[PROBLEM DETAILS]:
Find how many lines in the entries below carry the word "Longrightarrow" and answer with only that figure.

[PROVIDED INFORMATION Boundary: Start]

lemma order_polytope_open_segment_tight:
  fixes a b z :: "real^'a::{finite,order}"
  assumes "a \<in> order_polytope" "b \<in> order_polytope" "z \<in> open_segment a b"
  shows "z $ i = 1 \<Longrightarrow> a $ i = 1" and "z $ i = 0 \<Longrightarrow> a $ i = 0"
    and "i \<le> j \<Longrightarrow> z $ i = z $ j \<Longrightarrow> a $ i = a $ j"
proof -
  obtain t where t: "0 < t" "t < 1" and zt: "z = (1 - t) *\<^sub>R a + t *\<^sub>R b"
    using assms(3) unfolding in_segment by blast
  have tight: "(1 - t) * a $ k + t * b $ k = z $ k" for k
    by (simp add: zt)
  have bounds: "0 \<le> x $ k" "x $ k \<le> 1" "k \<le> l \<Longrightarrow> x $ l \<le> x $ k"
    if "x \<in> order_polytope" for x k l
    using that unfolding order_polytope_def by auto
  show "a $ i = 1" if "z $ i = 1"
    using convex_comb_at_upper_bound[OF t bounds(2)[OF assms(1)] bounds(2)[OF assms(2)]]
      tight[of i] that by simp
  show "a $ i = 0" if "z $ i = 0"
    using convex_comb_at_lower_bound[OF t bounds(1)[OF assms(1)] bounds(1)[OF assms(2)]]
      tight[of i] that by simp
  show "a $ i = a $ j" if "i \<le> j" "z $ i = z $ j"
    using convex_comb_at_upper_bound[OF t, of "a $ j - a $ i" 0 "b $ j - b $ i"]
      bounds(3)[OF assms(1) that(1)] bounds(3)[OF assms(2) that(1)] tight[of i] tight[of j] that(2)
    by (simp add: algebra_simps)
qed

lemma chain_polytope_open_segment_tight:
  fixes a b z :: "real^'a::{finite,order}"
  assumes "a \<in> chain_polytope" "b \<in> chain_polytope" "z \<in> open_segment a b"
  shows "z $ i = 0 \<Longrightarrow> a $ i = 0"
    and "chain_set Q \<Longrightarrow> Q \<noteq> {} \<Longrightarrow> (\<Sum>i\<in>Q. z $ i) = 1 \<Longrightarrow> (\<Sum>i\<in>Q. a $ i) = 1"
proof -
  obtain t where t: "0 < t" "t < 1" and zt: "z = (1 - t) *\<^sub>R a + t *\<^sub>R b"
    using assms(3) unfolding in_segment by blast
  have tight: "(1 - t) * (\<Sum>i\<in>P. a $ i) + t * (\<Sum>i\<in>P. b $ i) = (\<Sum>i\<in>P. z $ i)" for P
    by (simp add: zt sum.distrib sum_distrib_left)
  have bounds: "0 \<le> x $ k" "chain_set P \<Longrightarrow> P \<noteq> {} \<Longrightarrow> (\<Sum>i\<in>P. x $ i) \<le> 1"
    if "x \<in> chain_polytope" for x k P
    using that unfolding chain_polytope_def by auto
  show "a $ i = 0" if "z $ i = 0"
    using convex_comb_at_lower_bound[OF t bounds(1)[OF assms(1)] bounds(1)[OF assms(2)]]
      tight[of "{i}"] that by simp
  show "(\<Sum>i\<in>Q. a $ i) = 1" if "chain_set Q" "Q \<noteq> {}" "(\<Sum>i\<in>Q. z $ i) = 1"
    using convex_comb_at_upper_bound[OF t bounds(2)[OF assms(1) that(1,2)]
        bounds(2)[OF assms(2) that(1,2)]] tight[of Q] that(3)
    by simp
qed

[PROVIDED INFORMATION Boundary: End]

[EXERCISE ANSWER]:
6